Из рода Караевых - Страница 84
— Каждый день работаете, Алевтина Иоанновна?
— Каждый день. До часу ночи.
— А живете далеко?
— На том берегу.
Скользящей походкой ловкого танцора к нашему столу подошел Теодор. Мы познакомились. Он заговорил по-французски, но, говорил так быстро и так свободно, что я спасовал и разговор наш не состоялся. Теодор перебазировался от меня к Дабри-бею. Он стоял подле его стула, почтительно пригнувшись почти пополам (владелец ресторана — это же персона для ресторанного певца!), и Дабри-бей ласково гладил его по седым кудрям, а потом в знак особого расположения подцепил вилкой со своей тарелки немного салата и дал Теодору, и тот ловко сглотнул с хозяйской вилки угощение.

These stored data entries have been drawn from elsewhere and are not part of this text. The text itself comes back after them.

(* For every graph $G=(V,E)$ with at least one edge, $av_1(G)\ge 2$. Equality holds if and only if $N(u)\cup N(v)=V$ for every edge $uv\in E$. In particular, for $n\ge 2$ the star $S_n$ is the unique $n$-vertex tree minimising $av_1$, and it is one of the $n$-vertex graphs with at least one edge minimising $av_1$.
   Context: All graphs are finite and simple. For a graph $G=(V,E)$, a set $S\subseteq V$ is a $1$-nearly independent vertex set if the subgraph induced by $S$ has exactly one edge. $\sigma_1(G)$ is the number of such sets, $S_1(G)$ the sum of their sizes, and $av_1(G)=S_1(G)/\sigma_1(G)$. $N(v)$ is the set of neighbours of $v$. $S_n$ is the star on $n$ vertices. *)

theory Defs
  imports Main Complex_Main
begin

definition graph :: "'a set \<Rightarrow> 'a set set \<Rightarrow> bool" where
  "graph V E \<longleftrightarrow> finite V \<and> (\<forall>e\<in>E. e \<subseteq> V \<and> card e = 2)"

definition nbrs :: "'a set set \<Rightarrow> 'a \<Rightarrow> 'a set" where
  "nbrs E v = {u. {u, v} \<in> E}"

definition nearly_indep1 :: "'a set \<Rightarrow> 'a set set \<Rightarrow> 'a set \<Rightarrow> bool" where
  "nearly_indep1 V E S \<longleftrightarrow> S \<subseteq> V \<and> card {e\<in>E. e \<subseteq> S} = 1"

definition sigma1 :: "'a set \<Rightarrow> 'a set set \<Rightarrow> nat" where
  "sigma1 V E = card {S. nearly_indep1 V E S}"

definition S1 :: "'a set \<Rightarrow> 'a set set \<Rightarrow> nat" where
  "S1 V E = (\<Sum>S\<in>{S. nearly_indep1 V E S}. card S)"

definition av1 :: "'a set \<Rightarrow> 'a set set \<Rightarrow> real" where
  "av1 V E = real (S1 V E) / real (sigma1 V E)"

definition connected_graph :: "'a set \<Rightarrow> 'a set set \<Rightarrow> bool" where
  "connected_graph V E \<longleftrightarrow>
     (\<forall>u\<in>V. \<forall>v\<in>V. (u, v) \<in> {(x, y). {x, y} \<in> E}\<^sup>*)"

definition has_cycle :: "'a set \<Rightarrow> 'a set set \<Rightarrow> bool" where
  "has_cycle V E \<longleftrightarrow> (\<exists>vs. length vs \<ge> 3 \<and> distinct vs \<and> set vs \<subseteq> V \<and>
     (\<forall>i. i + 1 < length vs \<longrightarrow> {vs ! i, vs ! (i + 1)} \<in> E) \<and> {last vs, hd vs} \<in> E)"

definition is_tree :: "'a set \<Rightarrow> 'a set set \<Rightarrow> bool" where
  "is_tree V E \<longleftrightarrow> graph V E \<and> V \<noteq> {} \<and> connected_graph V E \<and> \<not> has_cycle V E"

definition star_V :: "nat \<Rightarrow> nat set" where
  "star_V n = {0..<n}"

definition star_E :: "nat \<Rightarrow> nat set set" where
  "star_E n = {{0, i} | i. i \<in> {1..<n}}"

definition is_star :: "'a set \<Rightarrow> 'a set set \<Rightarrow> bool" where
  "is_star V E \<longleftrightarrow> (\<exists>c\<in>V. E = {{c, v} | v. v \<in> V - {c}})"

end

theory Submission
  imports Defs
begin

text \<open>
Every 1-nearly independent set contains its unique edge, so it has at least two vertices, and
the edges themselves are such sets; hence \<open>av\<^sub>1 \<ge> 2\<close>, with equality iff every 1-nearly
independent set is an edge. A larger one exists iff some edge \<open>uv\<close> has a vertex \<open>x\<close> adjacent
to neither end, because then \<open>{u,v,x}\<close> is one. In an acyclic graph in which every edge
dominates, an end of any edge \<open>ab\<close> is adjacent to all other vertices: otherwise there are
\<open>w \<notin> N(a)\<close> and \<open>x \<notin> N(b)\<close>, and domination yields the 4-cycle \<open>a b w x\<close>. So the star is the
unique tree with \<open>av\<^sub>1 = 2\<close>.
\<close>

lemma mean_ge_lower_bound:
  fixes f :: "'b \<Rightarrow> nat"
  assumes "finite F" "F \<noteq> {}" "\<forall>x\<in>F. k \<le> f x"
  shows "real k \<le> real (\<Sum>x\<in>F. f x) / real (card F)"
    and "real (\<Sum>x\<in>F. f x) / real (card F) = real k \<longleftrightarrow> (\<forall>x\<in>F. f x = k)"
proof -
  have card_pos: "real (card F) > 0"
    using assms(1,2) by (simp add: card_gt_0_iff)
  have sum_ge: "card F * k \<le> (\<Sum>x\<in>F. f x)"
    using sum_mono[of F "\<lambda>_. k" f] assms(3) by simp
  have sum_eq_iff: "(\<Sum>x\<in>F. f x) = card F * k \<longleftrightarrow> (\<forall>x\<in>F. f x = k)"
  proof
    assume eq: "(\<Sum>x\<in>F. f x) = card F * k"
    show "\<forall>x\<in>F. f x = k"
    proof (rule ccontr)
      assume "\<not> (\<forall>x\<in>F. f x = k)"
      then obtain y where "y \<in> F" "k < f y"
        using assms(3) by force
      then have "(\<Sum>x\<in>F. k) < (\<Sum>x\<in>F. f x)"
        using assms(1,3) by (intro sum_strict_mono_ex1) auto
      with eq show False by simp
    qed
  qed simp
  have "real (card F) * real k \<le> real (\<Sum>x\<in>F. f x)"
    using sum_ge by (metis of_nat_le_iff of_nat_mult)
  then show "real k \<le> real (\<Sum>x\<in>F. f x) / real (card F)"
    using card_pos by (simp add: pos_le_divide_eq mult.commute del: of_nat_sum)
  have "real (\<Sum>x\<in>F. f x) / real (card F) = real k \<longleftrightarrow>
      real (\<Sum>x\<in>F. f x) = real (card F * k)"
    using card_pos by (simp add: divide_eq_eq mult.commute del: of_nat_sum)
  with sum_eq_iff show "real (\<Sum>x\<in>F. f x) / real (card F) = real k \<longleftrightarrow> (\<forall>x\<in>F. f x = k)"
    by (simp only: of_nat_eq_iff)
qed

Я сказал Алевтине Иоанновне:
— Можно мне задать вам один не очень деликатный вопрос?
— Пожалуйста, задавайте!
— Представьте себе, что у вас появилась бы возможность вернуться на родину. Как бы вы посмотрели на это?
Слабая улыбка тронула ее губы.
— Ну, вы же понимаете… вся жизнь прошла здесь, а потом, — в ее блеклых глазах вспыхнул огонек непримиримости, — все-таки мы живем здесь кто как хочет!..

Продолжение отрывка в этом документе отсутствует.